The Mossad offered Swedish intelligence to assassinate a renowned left-wing journalist in the 1970s, says a book just published in Sweden. The proposed target doubts this is true.

The author, Gunnar Ekberg, was a secret agent of the Swedish military intelligence agency (IB), who had infiltrated leftist circles in Sweden at the time. The role of the IB was to monitor communist activity in Sweden and to identify "subversive elements." The Mossad and the IB cooperated at the time, with the Israeli agency receiving information on Palestinian organizations in Sweden. The existence of the IB was highly classified, and not even all Swedish cabinet ministers were aware of its operation.

In his memoir, titled They'll Die Anyway, Ekberg describes a meeting with the IB chief, Birger Elmer, after left-wing activist and journalist Jan Guillou revealed the existence of the Swedish military intelligence agency.

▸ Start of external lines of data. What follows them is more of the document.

lemma twisted_adjoint_exists: "x \<in> Pin d \<Longrightarrow> \<exists>R. twisted_adjoint d x R"
proof (induction rule: Pin.induct)
  case Pin_one
  show ?case
    by (rule exI[of _ "1\<^sub>m d"]) (auto simp: twisted_adjoint_def cl_inv_one cl_mult_one_left cl_mult_one_right)
next
  case (Pin_mult v x)
  have u: "normalized_vec d v" using Pin_mult by (simp add: normalized_vec_def)
  obtain R where R: "twisted_adjoint d x R" using Pin_mult by blast
  show ?case
  proof (rule exI[of _ "reflection_mat d v * R"], unfold twisted_adjoint_def, intro conjI ballI)
    show "reflection_mat d v * R \<in> carrier_mat d d" using R by (auto simp: twisted_adjoint_def intro!: mult_carrier_mat)
    fix w :: "real vec" assume w: "w \<in> carrier_vec d"
    have Rw: "R *\<^sub>v w \<in> carrier_vec d" using R w by (auto simp: twisted_adjoint_def)
    have "cl_mult d (cl_mult d (cl_alpha (cl_mult d (cl_vec d v) x)) (cl_vec d w)) (cl_inv d (cl_mult d (cl_vec d v) x))
       = cl_mult d (cl_mult d (cl_vec d v) (cl_mult d (cl_mult d (cl_alpha x) (cl_vec d w)) (cl_inv d x))) (cl_vec d v)"
      unfolding cl_inv_mult[OF Pin_cl_vec[OF u] Pin_mult(3)] cl_alpha_mult cl_alpha_vec cl_inv_vec[OF u]
      by (simp add: cl_mult_assoc cl_mult_scale_left cl_mult_scale_right)
    also have "\<dots> = cl_vec d (vec d (\<lambda>i. (R *\<^sub>v w) $ i + (- 2 * (v \<bullet> (R *\<^sub>v w))) * v $ i))"
      using R w by (simp add: twisted_adjoint_def cl_vec_reflect[OF u Rw])
    also have "\<dots> = cl_vec d ((reflection_mat d v * R) *\<^sub>v w)"
    proof -
      have Rc: "R \<in> carrier_mat d d" using R by (simp add: twisted_adjoint_def)
      have "(reflection_mat d v * R) *\<^sub>v w = reflection_mat d v *\<^sub>v (R *\<^sub>v w)"
        using Rc w by (simp add: assoc_mult_mat_vec[of _ d d])
      also have "\<dots> = vec d (\<lambda>i. (R *\<^sub>v w) $ i + (- 2 * (v \<bullet> (R *\<^sub>v w))) * v $ i)"
        by (rule reflection_mat_mult_vec) (use u Rw in \<open>auto simp: normalized_vec_def\<close>)
      finally show ?thesis by simp
    qed
    finally show "cl_mult d (cl_mult d (cl_alpha (cl_mult d (cl_vec d v) x)) (cl_vec d w)) (cl_inv d (cl_mult d (cl_vec d v) x))
       = cl_vec d ((reflection_mat d v * R) *\<^sub>v w)" .
  qed
qed

lemma pin_rho_eqI: assumes "twisted_adjoint d x R" shows "pin_rho d x = R"
proof
  show "dim_row (pin_rho d x) = dim_row R" "dim_col (pin_rho d x) = dim_col R"
    using assms by (auto simp: pin_rho_def twisted_adjoint_def)
  fix i j assume "i < dim_row R" "j < dim_col R"
  then have ij: "i < d" "j < d" using assms by (auto simp: twisted_adjoint_def)
  have "pin_rho d x $$ (i, j) = cl_vec d (R *\<^sub>v unit_vec d j) {i}"
    using assms ij by (simp add: pin_rho_def twisted_adjoint_def)
  also have "\<dots> = R $$ (i, j)"
  proof -
    have Rc: "R \<in> carrier_mat d d" using assms by (simp add: twisted_adjoint_def)
    then show ?thesis using ij by (simp add: cl_vec_singleton carrier_matD)
  qed
  finally show "pin_rho d x $$ (i, j) = R $$ (i, j)" .
qed

lemma pin_rho_twisted_adjoint: assumes "x \<in> Pin d" shows "twisted_adjoint d x (pin_rho d x)"
proof -
  obtain R where "twisted_adjoint d x R" using twisted_adjoint_exists[OF assms] by blast
  moreover then have "pin_rho d x = R" by (rule pin_rho_eqI)
  ultimately show ?thesis by simp
qed

lemma pin_rho_carrier: "x \<in> Pin d \<Longrightarrow> pin_rho d x \<in> carrier_mat d d"
  using pin_rho_twisted_adjoint twisted_adjoint_def by blast

lemma pin_rho_action: "x \<in> Pin d \<Longrightarrow> w \<in> carrier_vec d \<Longrightarrow>
   cl_mult d (cl_mult d (cl_alpha x) (cl_vec d w)) (cl_inv d x) = cl_vec d (pin_rho d x *\<^sub>v w)"
  using pin_rho_twisted_adjoint twisted_adjoint_def by blast

lemma pin_rho_mult: assumes x: "x \<in> Pin d" and y: "y \<in> Pin d"
  shows "pin_rho d (cl_mult d x y) = pin_rho d x * pin_rho d y"
proof (rule pin_rho_eqI, unfold twisted_adjoint_def, intro conjI ballI)
  show "pin_rho d x * pin_rho d y \<in> carrier_mat d d"
    using pin_rho_carrier[OF x] pin_rho_carrier[OF y] by auto
  fix w :: "real vec" assume w: "w \<in> carrier_vec d"
  have yw: "pin_rho d y *\<^sub>v w \<in> carrier_vec d" using pin_rho_carrier[OF y] w by auto
  have "cl_mult d (cl_mult d (cl_alpha (cl_mult d x y)) (cl_vec d w)) (cl_inv d (cl_mult d x y))
     = cl_mult d (cl_mult d (cl_alpha x) (cl_mult d (cl_mult d (cl_alpha y) (cl_vec d w)) (cl_inv d y))) (cl_inv d x)"
    unfolding cl_inv_mult[OF x y] cl_alpha_mult by (simp only: cl_mult_assoc)
  also have "\<dots> = cl_mult d (cl_mult d (cl_alpha x) (cl_vec d (pin_rho d y *\<^sub>v w))) (cl_inv d x)"
    by (simp only: pin_rho_action[OF y w])
  also have "\<dots> = cl_vec d (pin_rho d x *\<^sub>v (pin_rho d y *\<^sub>v w))"
    by (rule pin_rho_action[OF x yw])
  also have "\<dots> = cl_vec d ((pin_rho d x * pin_rho d y) *\<^sub>v w)"
    using pin_rho_carrier[OF x] pin_rho_carrier[OF y] w
    by (simp add: assoc_mult_mat_vec[of _ d d])
  finally show "cl_mult d (cl_mult d (cl_alpha (cl_mult d x y)) (cl_vec d w)) (cl_inv d (cl_mult d x y))
     = cl_vec d ((pin_rho d x * pin_rho d y) *\<^sub>v w)" .
qed

lemma pin_rho_one: "pin_rho d cl_one = 1\<^sub>m d"
  by (rule pin_rho_eqI) (auto simp: twisted_adjoint_def cl_inv_one cl_mult_one_left cl_mult_one_right)

lemma pin_rho_cl_vec: assumes u: "normalized_vec d u" shows "pin_rho d (cl_vec d u) = reflection_mat d u"
proof (rule pin_rho_eqI, unfold twisted_adjoint_def, intro conjI ballI)
  show "reflection_mat d u \<in> carrier_mat d d" by simp
  fix w :: "real vec" assume w: "w \<in> carrier_vec d"
  have "cl_mult d (cl_mult d (cl_alpha (cl_vec d u)) (cl_vec d w)) (cl_inv d (cl_vec d u))
     = cl_mult d (cl_mult d (cl_vec d u) (cl_vec d w)) (cl_vec d u)"
    unfolding cl_alpha_vec cl_inv_vec[OF u] by (simp add: cl_mult_scale_left cl_mult_scale_right)
  also have "\<dots> = cl_vec d (reflection_mat d u *\<^sub>v w)"
    using u w by (simp add: cl_vec_reflect reflection_mat_mult_vec normalized_vec_def)
  finally show "cl_mult d (cl_mult d (cl_alpha (cl_vec d u)) (cl_vec d w)) (cl_inv d (cl_vec d u))
    = cl_vec d (reflection_mat d u *\<^sub>v w)" .
qed

lemma cl_vec_unit_vec: "j < d \<Longrightarrow> cl_vec d (unit_vec d j) S = (if S = {j} then 1 else 0)"
  by (auto simp: cl_vec_def split: if_splits)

Ekberg says Elmer and his colleagues were terrified by the exposure and feared for their lives. "What do we do about Jan?" the intelligence chief asked Ekberg. "Our Jerusalem friends offered to 'take over' his case."

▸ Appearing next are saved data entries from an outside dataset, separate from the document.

theory Submission
  imports Defs
begin

text \<open>
  Let p be the last bag in which some vertex of S appears for the first time and q the first
  bag in which some vertex of S appears for the last time. Every S-branch H has a neighbour of
  each vertex of S, so \<open>\<alpha>(H) \<le> q\<close> and \<open>p \<le> \<beta>(H)\<close>; since H is connected, the bags meeting H form
  an interval. Hence all branches with \<open>\<alpha>(H) \<le> p\<close> meet the bag \<open>X\<^sub>p\<close>, and being disjoint they
  contribute distinct vertices of \<open>X\<^sub>p - S\<close>; there are at most k of them, since \<open>X\<^sub>p\<close> also
  contains a vertex of S. Likewise at most k branches have \<open>\<beta>(H) \<ge> q\<close>. With more than 2k
  branches some branch H lies strictly between p and q; there S is contained in every bag, so
  \<open>\<alpha>(H)\<close> witnesses \<open>t\<^sub>1\<close> and \<open>\<beta>(H)\<close> witnesses \<open>t\<^sub>2\<close>, and H is green. A branch with \<open>\<alpha>(H) < t\<^sub>1\<close>
  cannot have \<open>\<alpha>(H) > p\<close>, which bounds the red, purple and gray branches by k; symmetrically for
  blue, purple and black.
\<close>

lemma conn_in_sym:
  assumes sym: "\<And>u v. E u v \<Longrightarrow> E v u" and "conn_in E A x y"
  shows "conn_in E A y x"
  using assms(2) unfolding conn_in_def
proof (induction rule: rtranclp_induct)
  case (step y z)
  then show ?case using sym by (blast intro: converse_rtranclp_into_rtranclp)
qed simp

lemma conn_in_trans: "conn_in E A x y \<Longrightarrow> conn_in E A y z \<Longrightarrow> conn_in E A x z"
  unfolding conn_in_def by (rule rtranclp_trans)

lemma conn_in_mem: "conn_in E A v u \<Longrightarrow> v \<in> A \<Longrightarrow> u \<in> A"
  unfolding conn_in_def by (induction rule: rtranclp_induct) auto

lemma reachable_set_eq:
  assumes "\<And>u v. E u v \<Longrightarrow> E v u" and "conn_in E A v x"
  shows "{u. conn_in E A v u} = {u. conn_in E A x u}"
proof -
  have "conn_in E A x v" by (rule conn_in_sym[OF assms])
  then show ?thesis using assms(2) by (auto intro: conn_in_trans)
qed

definition meeting_bags :: "(nat \<Rightarrow> 'a set) \<Rightarrow> nat \<Rightarrow> 'a set \<Rightarrow> nat set" where
  "meeting_bags X l H = {i\<in>{1..l}. X i \<inter> H \<noteq> {}}"

lemma finite_meeting_bags: "finite (meeting_bags X l H)"
  unfolding meeting_bags_def by simp

lemma alpha_le: "i \<in> meeting_bags X l H \<Longrightarrow> alpha X l H \<le> i"
  unfolding alpha_def meeting_bags_def[symmetric] by (rule Min_le[OF finite_meeting_bags])

lemma beta_ge: "i \<in> meeting_bags X l H \<Longrightarrow> i \<le> beta X l H"
  unfolding beta_def meeting_bags_def[symmetric] by (rule Max_ge[OF finite_meeting_bags])

lemma alpha_in_meeting_bags: "meeting_bags X l H \<noteq> {} \<Longrightarrow> alpha X l H \<in> meeting_bags X l H"
  unfolding alpha_def meeting_bags_def[symmetric] by (rule Min_in[OF finite_meeting_bags])

lemma beta_in_meeting_bags: "meeting_bags X l H \<noteq> {} \<Longrightarrow> beta X l H \<in> meeting_bags X l H"
  unfolding beta_def meeting_bags_def[symmetric] by (rule Max_in[OF finite_meeting_bags])

lemma alpha_le_beta: "meeting_bags X l H \<noteq> {} \<Longrightarrow> alpha X l H \<le> beta X l H"
  using alpha_in_meeting_bags beta_ge by blast

locale path_decomposed_graph =
  fixes V :: "'a set" and E :: "'a \<Rightarrow> 'a \<Rightarrow> bool" and X :: "nat \<Rightarrow> 'a set" and l :: nat
  assumes graph: "graph V E" and decomposition: "path_decomposition V E X l"
begin

lemma finite_vertices: "finite V"
  using graph unfolding graph_def by blast

lemma edge_sym: "E u v \<Longrightarrow> E v u"
  using graph unfolding graph_def by blast

lemma bag_subset: "i \<in> {1..l} \<Longrightarrow> X i \<subseteq> V"
  using decomposition unfolding path_decomposition_def by blast

lemma finite_bag: "i \<in> {1..l} \<Longrightarrow> finite (X i)"
  using bag_subset finite_vertices finite_subset by blast

lemma vertex_in_bag: "v \<in> V \<Longrightarrow> \<exists>i\<in>{1..l}. v \<in> X i"
  using decomposition unfolding path_decomposition_def by blast

lemma edge_in_bag: "E u v \<Longrightarrow> \<exists>i\<in>{1..l}. u \<in> X i \<and> v \<in> X i"
  using decomposition unfolding path_decomposition_def by blast

lemma bag_interpolate:
  assumes "1 \<le> i" "i \<le> j" "j \<le> k" "k \<le> l" "v \<in> X i" "v \<in> X k"
  shows "v \<in> X j"
  using decomposition assms unfolding path_decomposition_def by blast

lemma card_bag_le_width:
  assumes "i \<in> {1..l}"
  shows "card (X i) \<le> pd_width X l + 1"
proof -
  have "card (X i) \<le> Max ((\<lambda>i. card (X i)) ` {1..l})"
    using assms by (intro Max_ge) auto
  then show ?thesis unfolding pd_width_def by linarith
qed

lemma meeting_bags_nonempty: "H \<subseteq> V \<Longrightarrow> H \<noteq> {} \<Longrightarrow> meeting_bags X l H \<noteq> {}"
  unfolding meeting_bags_def using vertex_in_bag by blast

text \<open>Deleting the bag \<open>X\<^sub>j\<close> separates the bags before j from the bags after it.\<close>

lemma edge_avoiding_bag_stays_left:
  assumes "E x y" "x \<notin> X j" "y \<notin> X j"
  shows "(\<exists>m. 1 \<le> m \<and> m < j \<and> x \<in> X m) \<longleftrightarrow> (\<exists>m. 1 \<le> m \<and> m < j \<and> y \<in> X m)"
proof -
  obtain m where m: "m \<in> {1..l}" "x \<in> X m" "y \<in> X m"
    using edge_in_bag[OF assms(1)] by blast
  have "m \<noteq> j" using m assms by auto
  show ?thesis
  proof (cases "m < j")
    case False
    have "\<not> (\<exists>m'. 1 \<le> m' \<and> m' < j \<and> z \<in> X m')" if "z \<in> X m" "z \<notin> X j" for z
      using bag_interpolate[of _ j m z] that m(1) False \<open>m \<noteq> j\<close> by fastforce
    then show ?thesis using m assms by blast
  qed (use m in auto)
qed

Ekberg says he told the official to decline the offer, which he maintains in the book meant Guillou would be liquidated. Elmer then told him he had already refused the suggestion. "I told the Israelis we don't kill people in Sweden," Elmer reportedly said. Guilou, 65, said he was skeptical. The journalist and author, who is known to be a fierce critic of Israel's policies, told Haaretz that "I'm not known as a defender of Israel or of the Mossad, but, in this case, the notion they offered to take me out is absurd. It might be effective for the author to squeeze my name into the book, along with the word "murder" because it'll attract attention and publicity."

"You've got to cut the Mossad some slack and expect it to act with more sophistication than killing Swedish intellectuals that express solidarity with Palestinians."

Guillou had been a member of the Swedish solidarity with the Palestinians movement and had been known to sharply criticize both the American "War on Terror" and the Israeli occupation of the West Bank and Gaza.